Input data

lemma sfun_in_elems:
  "struct M \<Longrightarrow> length xs = ar_f f \<Longrightarrow> set xs \<subseteq> elems M \<Longrightarrow> sfun M f xs \<in> elems M"
  using sfun_if[of M xs f] by simp

lemma sfun_eq_empty:
  "struct M \<Longrightarrow> \<not> (length xs = ar_f f \<and> set xs \<subseteq> elems M) \<Longrightarrow> sfun M f xs = {}"
  using sfun_if[of M xs f] by simp

lemma srel_subset_elems: "struct M \<Longrightarrow> xs \<in> srel M R \<Longrightarrow> set xs \<subseteq> elems M"
  unfolding is_struct_def by blast

lemma
  assumes "isom M N g"
  shows is_iso_struct_dom: "struct M"
    and is_iso_struct_cod: "struct N"
    and is_iso_bij_betw: "bij_betw g (elems M) (elems N)"
    and is_iso_srel_iff: "set xs \<subseteq> elems M \<Longrightarrow> xs \<in> srel M R \<longleftrightarrow> map g xs \<in> srel N R"
    and is_iso_sfun: "length xs = ar_f f \<Longrightarrow> set xs \<subseteq> elems M \<Longrightarrow>
                    g (sfun M f xs) = sfun N f (map g xs)"
  using assms by (simp_all add: is_iso_def)

lemma is_iso_image_elems: "isom M N g \<Longrightarrow> g ` elems M = elems N"
  using is_iso_bij_betw bij_betw_imp_surj_on by blast

lemma is_iso_inj_on: "isom M N g \<Longrightarrow> inj_on g (elems M)"
  using is_iso_bij_betw bij_betw_imp_inj_on by blast

lemma is_iso_outside_elems: "isom M N g \<Longrightarrow> X \<notin> elems M \<Longrightarrow> g X = {}"
  by (simp add: is_iso_def)

lemma is_iso_cls_eq_iff:
  "isom M N g \<Longrightarrow> a \<in> scarr M \<Longrightarrow> b \<in> scarr M \<Longrightarrow> g (cls M a) = g (cls M b) \<longleftrightarrow> (a, b) \<in> seqv M"
  using inj_on_eq_iff[OF is_iso_inj_on] cls_in_elems cls_eq_iff is_iso_struct_dom by metis

lemma is_iso_sends_surj:
  assumes g: "isom M N g" and b: "b \<in> scarr N"
  obtains a where "sends M N g a b"
proof -
  have "cls N b \<in> g ` elems M"
    using cls_in_elems[OF is_iso_struct_cod[OF g] b] is_iso_image_elems[OF g] by simp
  then obtain X where "X \<in> elems M" "cls N b = g X"
    by blast
  moreover obtain a where "a \<in> scarr M" "X = cls M a"
    using elemsE[OF is_iso_struct_dom[OF g] \<open>X \<in> elems M\<close>] .
  ultimately have "sends M N g a b"
    using b by (simp add: sends_def)
  then show ?thesis ..
qed

lemma sends_iff_holds_Eqv:
  assumes g: "isom M N g" and "sends M N g a' b"
  shows "sends M N g a b \<longleftrightarrow> holds M (Eqv a a')"
proof
  assume "sends M N g a b"
  with assms(2) have "a \<in> scarr M" "a' \<in> scarr M" "g (cls M a) = g (cls M a')"
    by (simp_all add: sends_def)
  then show "holds M (Eqv a a')"
    using is_iso_cls_eq_iff[OF g] by simp
next
  assume "holds M (Eqv a a')"
  then have "cls M a = cls M a'"
    using cls_eq_iff[OF is_iso_struct_dom[OF g]] by simp
  with assms(2) \<open>holds M (Eqv a a')\<close> show "sends M N g a b"
    by (simp add: sends_def)
qed

section \<open>Isomorphisms preserve models\<close>

lemma teval_is_iso:
  assumes g: "isom M N g" and "wf_trm ar_f t"
    and "\<forall>x\<in>fv_trm t. v x \<in> elems M \<and> v' x = g (v x)"
  shows "teval M v t \<in> elems M \<and> teval N v' t = g (teval M v t)"
  using assms(2,3)
proof (induction t)
  case (Fn f ts)
  have IH: "teval M v t \<in> elems M \<and> teval N v' t = g (teval M v t)" if "t \<in> set ts" for t
  proof (rule Fn.IH[OF that])
    show "wf_trm ar_f t"
      using Fn.prems(1) that by (simp add: list_all_iff)
    show "\<forall>x\<in>fv_trm t. v x \<in> elems M \<and> v' x = g (v x)"
      using Fn.prems(2) that by simp
  qed
  then have args: "map (teval N v') ts = map g (map (teval M v) ts)"
    and args_in: "set (map (teval M v) ts) \<subseteq> elems M"
    by auto
  have "length (map (teval M v) ts) = ar_f f"
    using Fn.prems(1) by simp
  with args_in show ?case
    unfolding teval.simps args
    using is_iso_sfun[OF g] sfun_in_elems[OF is_iso_struct_dom[OF g]] by simp
qed simp

lemma sat_is_iso:
  assumes g: "isom M N g" and "wf_fm ar_f ar_r \<phi>"
    and "\<forall>x\<in>fv_fm \<phi>. v x \<in> elems M \<and> v' x = g (v x)"
  shows "sat M v \<phi> \<longleftrightarrow> sat N v' \<phi>"
  using assms(2,3)
proof (induction \<phi> arbitrary: v v')
  case (GEq t u)
  have "teval M v t \<in> elems M \<and> teval N v' t = g (teval M v t)"
    and "teval M v u \<in> elems M \<and> teval N v' u = g (teval M v u)"
    using GEq.prems by (auto intro!: teval_is_iso[OF g])
  then show ?case
    using inj_on_eq_iff[OF is_iso_inj_on[OF g]] by simp
next
  case (GRel R ts)
  have "teval M v t \<in> elems M \<and> teval N v' t = g (teval M v t)" if "t \<in> set ts" for t
    using GRel.prems that by (intro teval_is_iso[OF g]) auto
  then have args: "map (teval N v') ts = map g (map (teval M v) ts)"
    and args_in: "set (map (teval M v) ts) \<subseteq> elems M"
    by auto
  show ?case
    by (simp only: sat.simps args is_iso_srel_iff[OF g args_in])
next
  case (GConj \<phi>1 \<phi>2)
  have "sat M v \<phi>1 \<longleftrightarrow> sat N v' \<phi>1"
    using GConj.prems by (intro GConj.IH(1)) auto
  moreover have "sat M v \<phi>2 \<longleftrightarrow> sat N v' \<phi>2"
    using GConj.prems by (intro GConj.IH(2)) auto
  ultimately show ?case by simp
next
  case (GDisj I F)
  have "sat M v (F i) \<longleftrightarrow> sat N v' (F i)" if "i \<in> I" for i
    using GDisj.prems that by (intro GDisj.IH) auto
  then show ?case by simp
next
  case (GEx x \<phi>)
  have IH: "sat M (v(x := e)) \<phi> \<longleftrightarrow> sat N (v'(x := g e)) \<phi>" if "e \<in> elems M" for e
    using GEx.prems that by (intro GEx.IH) auto
  have "sat N v' (GEx x \<phi>) \<longleftrightarrow> (\<exists>e\<in>g ` elems M. sat N (v'(x := e)) \<phi>)"
    using is_iso_image_elems[OF g] by simp
  also have "\<dots> \<longleftrightarrow> (\<exists>e\<in>elems M. sat M (v(x := e)) \<phi>)"
    using IH by blast
  finally show ?case
    by simp
qed simp_all

lemma MT_is_iso:
  assumes g: "isom M N g" and M: "M \<in> MT ar_f ar_r S T" and T: "geometric_theory ar_f ar_r T"
  shows "N \<in> MT ar_f ar_r S T"
proof -
  have "sat_seq N (xs, \<phi>, \<psi>)" if s: "(xs, \<phi>, \<psi>) \<in> T" for xs \<phi> \<psi>
    unfolding sat_seq_def prod.case
  proof (intro allI impI)
    fix v' assume v': "\<forall>x\<in>set xs. v' x \<in> elems N" and "sat N v' \<phi>"
    define v where "v = inv_into (elems M) g \<circ> v'"
    have v: "\<forall>x\<in>set xs. v x \<in> elems M \<and> v' x = g (v x)"
      using v' is_iso_image_elems[OF g] unfolding v_def by (auto simp: inv_into_into f_inv_into_f)
    have wf: "wf_fm ar_f ar_r \<phi>" "wf_fm ar_f ar_r \<psi>" "fv_fm \<phi> \<union> fv_fm \<psi> \<subseteq> set xs"
      using T s unfolding geometric_theory_def wf_seq_def by auto
    have "sat M v \<phi>"
      using sat_is_iso[OF g wf(1)] v wf(3) \<open>sat N v' \<phi>\<close> by auto
    then have "sat M v \<psi>"
      using M s v unfolding MT_def sat_seq_def by auto
    then show "sat N v' \<psi>"
      using sat_is_iso[OF g wf(2), of v v'] v wf(3) by auto
  qed
  then have "\<forall>s\<in>T. sat_seq N s"
    by (metis prod_cases3)
  moreover have "N \<in> MSig ar_f ar_r S"
    using is_iso_struct_cod[OF g] by (simp add: MSig_def)
  ultimately show ?thesis
    unfolding MT_def by blast
qed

Exercise directions
From the listing above, the lines starting with the one that has "using GConj.prems by (intro GConj.IH(2))" and running through the one that has "xs. v x \<in>" should be copied exactly, ends included.

Finished exercise
    using GConj.prems by (intro GConj.IH(2)) auto
  ultimately show ?case by simp
next
  case (GDisj I F)
  have "sat M v (F i) \<longleftrightarrow> sat N v' (F i)" if "i \<in> I" for i
    using GDisj.prems that by (intro GDisj.IH) auto
  then show ?case by simp
next
  case (GEx x \<phi>)
  have IH: "sat M (v(x := e)) \<phi> \<longleftrightarrow> sat N (v'(x := g e)) \<phi>" if "e \<in> elems M" for e
    using GEx.prems that by (intro GEx.IH) auto
  have "sat N v' (GEx x \<phi>) \<longleftrightarrow> (\<exists>e\<in>g ` elems M. sat N (v'(x := e)) \<phi>)"
    using is_iso_image_elems[OF g] by simp
  also have "\<dots> \<longleftrightarrow> (\<exists>e\<in>elems M. sat M (v(x := e)) \<phi>)"
    using IH by blast
  finally show ?case
    by simp
qed simp_all

lemma MT_is_iso:
  assumes g: "isom M N g" and M: "M \<in> MT ar_f ar_r S T" and T: "geometric_theory ar_f ar_r T"
  shows "N \<in> MT ar_f ar_r S T"
proof -
  have "sat_seq N (xs, \<phi>, \<psi>)" if s: "(xs, \<phi>, \<psi>) \<in> T" for xs \<phi> \<psi>
    unfolding sat_seq_def prod.case
  proof (intro allI impI)
    fix v' assume v': "\<forall>x\<in>set xs. v' x \<in> elems N" and "sat N v' \<phi>"
    define v where "v = inv_into (elems M) g \<circ> v'"
    have v: "\<forall>x\<in>set xs. v x \<in> elems M \<and> v' x = g (v x)"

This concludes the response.